Evidence: `git describe --tags --abbrev=0` → v0.3.1.
Proposed: "Latest release: v0.3.1 (schema v0.2, adapter contract v2)."
### docs/internal/STATUS.md
…
At the end of the report, print:
Run /docs-audit apply to commit these edits, or reply with specific
finding numbers to keep (e.g. "apply 1, 3, 5 only"). No files have been
modified yet.
Do not modify any files in gap-list mode.
Step 5 — Apply (only on explicit approval)
Triggered by /docs-audit apply or a reply indicating which findings to
apply. Rules:
- Use
Edit with unique old_string / new_string, not Write. Targeted
edits only — one finding = one Edit call where possible.
- Preserve existing voice, table formatting, heading structure, and capitalization.
- Do not expand the README by more than ~20% per audit. If the gap list
would require more, flag it and stop — a larger overhaul needs a
deliberate doc PR, not an audit pass.
- After each edit, read back the affected region to confirm the result
reads coherently (watch for broken TOC anchors, orphaned references).

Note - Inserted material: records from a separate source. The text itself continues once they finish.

(* Let $({\bm X},d_{\bm X})$ be a finite pseudometric space and let $\mathcal{M}({\bm X})$ be the collection of all Markov chains $({\bm X},m^{\bm X}_\bullet,\nu^{\bm X})$ with state space ${\bm X}$. For every $p\in\mathcal{P}(\mathbb{N})$, the map $(\mathcal{X}_1,\mathcal{X}_2)\mapsto d^{p}_{\mathrm{OTM}}(\mathcal{X}_1,\mathcal{X}_2;d_{\bm X})$ is a pseudometric on $\mathcal{M}({\bm X})$. If moreover $d_{\bm X}$ is a metric and $p(t)>0$ for all $t\in\mathbb{N}$, then it is a metric.
   Context: $\mathcal{C}(\alpha,\beta)$ denotes the set of couplings. For Markov chains $\mathcal{X}=({\bm X},m^{\bm X}_\bullet,\nu^{\bm X})$, $\mathcal{Y}=({\bm Y},m^{\bm Y}_\bullet,\nu^{\bm Y})$ on finite sets, a Markovian coupling is a (possibly time-inhomogeneous) Markov chain $(X_t,Y_t)_{t\in\mathbb{N}}$ on ${\bm X}\times{\bm Y}$ with $\mathrm{law}(X_0,Y_0)\in\mathcal{C}(\nu^{\bm X},\nu^{\bm Y})$ and, for all $t,x,y$, the conditional law of $(X_{t+1},Y_{t+1})$ given $(X_t,Y_t)=(x,y)$ in $\mathcal{C}(m^{\bm X}_x,m^{\bm Y}_y)$. For $p\in\mathcal{P}(\mathbb{N})$, $T\sim p$ and cost $C$, $d^{p}_{\mathrm{OTM}}(\mathcal{X},\mathcal{Y};C)=\inf\mathbb{E}\,C(X_T,Y_T)$ over Markovian couplings independent of $T$. *)

theory Defs
  imports "HOL-Probability.Probability"
begin

type_synonym 'a mchain = "('a \<Rightarrow> 'a pmf) \<times> 'a pmf"

definition kernel :: "'a mchain \<Rightarrow> 'a \<Rightarrow> 'a pmf" where
  "kernel X = fst X"

definition init :: "'a mchain \<Rightarrow> 'a pmf" where
  "init X = snd X"

definition is_coupling :: "('a \<times> 'b) pmf \<Rightarrow> 'a pmf \<Rightarrow> 'b pmf \<Rightarrow> bool" where
  "is_coupling \<mu> \<alpha> \<beta> \<longleftrightarrow> map_pmf fst \<mu> = \<alpha> \<and> map_pmf snd \<mu> = \<beta>"

definition markovian_coupling ::
  "'a mchain \<Rightarrow> 'b mchain \<Rightarrow> ('a \<times> 'b) pmf \<Rightarrow> (nat \<Rightarrow> 'a \<times> 'b \<Rightarrow> ('a \<times> 'b) pmf) \<Rightarrow> bool" where
  "markovian_coupling X Y \<mu>0 K \<longleftrightarrow>
     is_coupling \<mu>0 (init X) (init Y) \<and>
     (\<forall>t x y. is_coupling (K t (x, y)) (kernel X x) (kernel Y y))"

fun coupled_law :: "('a \<times> 'b) pmf \<Rightarrow> (nat \<Rightarrow> 'a \<times> 'b \<Rightarrow> ('a \<times> 'b) pmf) \<Rightarrow> nat \<Rightarrow> ('a \<times> 'b) pmf" where
  "coupled_law \<mu>0 K 0 = \<mu>0"
| "coupled_law \<mu>0 K (Suc t) = bind_pmf (coupled_law \<mu>0 K t) (K t)"

text \<open>E C(X_T, Y_T) with T ~ p independent of the coupled chain.\<close>
definition coupling_cost ::
  "nat pmf \<Rightarrow> ('a \<times> 'b) pmf \<Rightarrow> (nat \<Rightarrow> 'a \<times> 'b \<Rightarrow> ('a \<times> 'b) pmf) \<Rightarrow> ('a \<Rightarrow> 'b \<Rightarrow> real) \<Rightarrow> real" where
  "coupling_cost p \<mu>0 K C =
     measure_pmf.expectation p (\<lambda>t. measure_pmf.expectation (coupled_law \<mu>0 K t) (\<lambda>(x, y). C x y))"

definition d_OTM :: "nat pmf \<Rightarrow> 'a mchain \<Rightarrow> 'b mchain \<Rightarrow> ('a \<Rightarrow> 'b \<Rightarrow> real) \<Rightarrow> real" where
  "d_OTM p X Y C =
     (INF (\<mu>0, K) \<in> {(\<mu>0, K). markovian_coupling X Y \<mu>0 K}. coupling_cost p \<mu>0 K C)"

text \<open>Law of the path (X_0, ..., X_n) of a Markov chain (finite-dimensional distributions).\<close>
fun path_law :: "'a mchain \<Rightarrow> nat \<Rightarrow> 'a list pmf" where
  "path_law X 0 = map_pmf (\<lambda>x. [x]) (init X)"
| "path_law X (Suc n) = bind_pmf (path_law X n) (\<lambda>xs. map_pmf (\<lambda>y. xs @ [y]) (kernel X (last xs)))"

definition is_pseudometric :: "('a \<Rightarrow> 'a \<Rightarrow> real) \<Rightarrow> bool" where
  "is_pseudometric d \<longleftrightarrow>
     (\<forall>x. d x x = 0) \<and> (\<forall>x y. 0 \<le> d x y) \<and> (\<forall>x y. d x y = d y x) \<and>
     (\<forall>x y z. d x z \<le> d x y + d y z)"

definition is_metric :: "('a \<Rightarrow> 'a \<Rightarrow> real) \<Rightarrow> bool" where
  "is_metric d \<longleftrightarrow> is_pseudometric d \<and> (\<forall>x y. d x y = 0 \<longrightarrow> x = y)"

end

theory Submission
  imports Defs
begin

(* Nonnegativity, d(X, X) = 0 (run both copies together) and symmetry (swap the coordinates)
  are immediate. For the triangle inequality, couplings of (X, Y) and of (Y, Z) are glued along Y
  at every step, giving a Markov process on triples; its (x, z)-projection is not Markov, but
  averaging the transitions over the fibres of the projection yields a Markovian coupling of
  (X, Z) with the same one-time laws, and the pointwise triangle inequality bounds its cost.

  If d is a metric, distinct states are at distance at least some delta > 0, so a coupling of
  cost c disagrees at time t with probability at most c / (p t * delta). Couplings of arbitrarily
  small cost therefore force equal initial laws and, since from the diagonal state (x, x) a
  disagreement is created with probability at least the difference of the two kernels at x,
  equal kernels at every reachable state. These determine the path laws. *)

lemma pmf_mult_le_expectation:
  fixes g :: "'a \<Rightarrow> real"
  assumes "integrable (measure_pmf M) g" "\<And>y. 0 \<le> g y"
  shows "pmf M x * g x \<le> measure_pmf.expectation M g"
proof -
  have "pmf M x * g x = measure_pmf.expectation M (\<lambda>y. g x * indicator {x} y)"
    by (simp add: measure_pmf_single)
  also have "\<dots> \<le> measure_pmf.expectation M g"
    using assms by (intro integral_mono)
      (auto split: split_indicator intro!: integrable_real_indicator simp: measure_pmf.emeasure_eq_measure)
  finally show ?thesis .
qed

lemma abs_expectation_le_sum_abs:
  fixes f :: "'a::finite \<Rightarrow> real"
  shows "\<bar>measure_pmf.expectation M f\<bar> \<le> (\<Sum>a\<in>UNIV. \<bar>f a\<bar>)"
proof -
  have "\<bar>measure_pmf.expectation M f\<bar> = \<bar>\<Sum>a\<in>UNIV. f a * pmf M a\<bar>"
    by (subst integral_measure_pmf_real) auto
  also have "\<dots> \<le> (\<Sum>a\<in>UNIV. \<bar>f a\<bar>)"
    by (rule order_trans[OF sum_abs sum_mono]) (simp add: abs_mult mult_left_le pmf_le_1)
  finally show ?thesis .
qed

lemma integrable_expectation_finite:
  fixes f :: "'a::finite \<Rightarrow> real"
  shows "integrable (measure_pmf p) (\<lambda>t. measure_pmf.expectation (M t) f)"
  by (rule measure_pmf.integrable_const_bound[where B="\<Sum>a\<in>UNIV. \<bar>f a\<bar>"])
     (auto simp: abs_expectation_le_sum_abs)

lemma prob_bind_pmf_ge:
  "pmf M x * measure_pmf.prob (K x) A \<le> measure_pmf.prob (bind_pmf M K) A"
proof -
  have "measure_pmf.prob (bind_pmf M K) A = measure_pmf.expectation M (\<lambda>y. measure_pmf.prob (K y) A)"
    unfolding measure_pmf_bind
    by (rule measure_pmf.measure_bind[where N="count_space UNIV"])
       (auto simp: space_subprob_algebra prob_space_imp_subprob_space prob_space_measure_pmf)
  moreover have "pmf M x * measure_pmf.prob (K x) A \<le> measure_pmf.expectation M (\<lambda>y. measure_pmf.prob (K y) A)"
    by (rule pmf_mult_le_expectation) (auto intro!: measure_pmf.integrable_const_bound[where B=1])
  ultimately show ?thesis by simp
qed

fun state_law :: "'a mchain \<Rightarrow> nat \<Rightarrow> 'a pmf" where
  "state_law X 0 = init X"
| "state_law X (Suc n) = bind_pmf (state_law X n) (kernel X)"

lemma map_pmf_last_path_law: "map_pmf last (path_law X n) = state_law X n"
proof (induction n)
  case 0
  then show ?case by (simp add: pmf.map_comp o_def)
next
  case (Suc n)
  have "map_pmf last (path_law X (Suc n)) = bind_pmf (path_law X n) (\<lambda>xs. kernel X (last xs))"
    by (simp add: map_bind_pmf pmf.map_comp o_def)
  also have "\<dots> = bind_pmf (map_pmf last (path_law X n)) (kernel X)"
    by (simp add: bind_map_pmf o_def)
  finally show ?case using Suc by simp
qed

lemma path_law_eqI:
  assumes "init X1 = init X2"
    and "\<And>m x. x \<in> set_pmf (state_law X1 m) \<Longrightarrow> kernel X1 x = kernel X2 x"
  shows "path_law X1 n = path_law X2 n"
proof (induction n)
  case 0
  then show ?case using assms(1) by simp
next
  case (Suc n)
  have "kernel X1 (last xs) = kernel X2 (last xs)" if "xs \<in> set_pmf (path_law X1 n)" for xs
  proof (rule assms(2))
    show "last xs \<in> set_pmf (state_law X1 n)"
      using that by (simp flip: map_pmf_last_path_law[of X1 n])
  qed
  then show ?case
    using Suc by (simp cong: bind_pmf_cong)
qed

- Do not stage, commit, or push. Leave the working tree dirty for the user
to review with
git diff.
When done, print:
Applied N findings across M files. Run `git diff` to review.
Guardrails
- Targeted, not total rewrites. The README is a living document the user
has opinions about — surgical edits preserve voice. A complete rewrite
resets that voice.
- No new sections without justification. A new top-level section is only
warranted when a major user-facing capability lands that doesn't fit an
existing section (e.g. v0.3 narrative commands warranted "Narrative
queries"; a small new flag does not).
- Quote help text, don't invent it. Table rows and prose descriptions
for CLI commands must come from
.description() / .addHelpText(), not
from your interpretation of what the command does.
- Don't touch CHANGELOG or VISION. If audit surfaces drift there, note
it and route the user to
/release or /product.
- Always report
SINCE. The user needs to know what window you
audited against so they can challenge the anchor if it's wrong.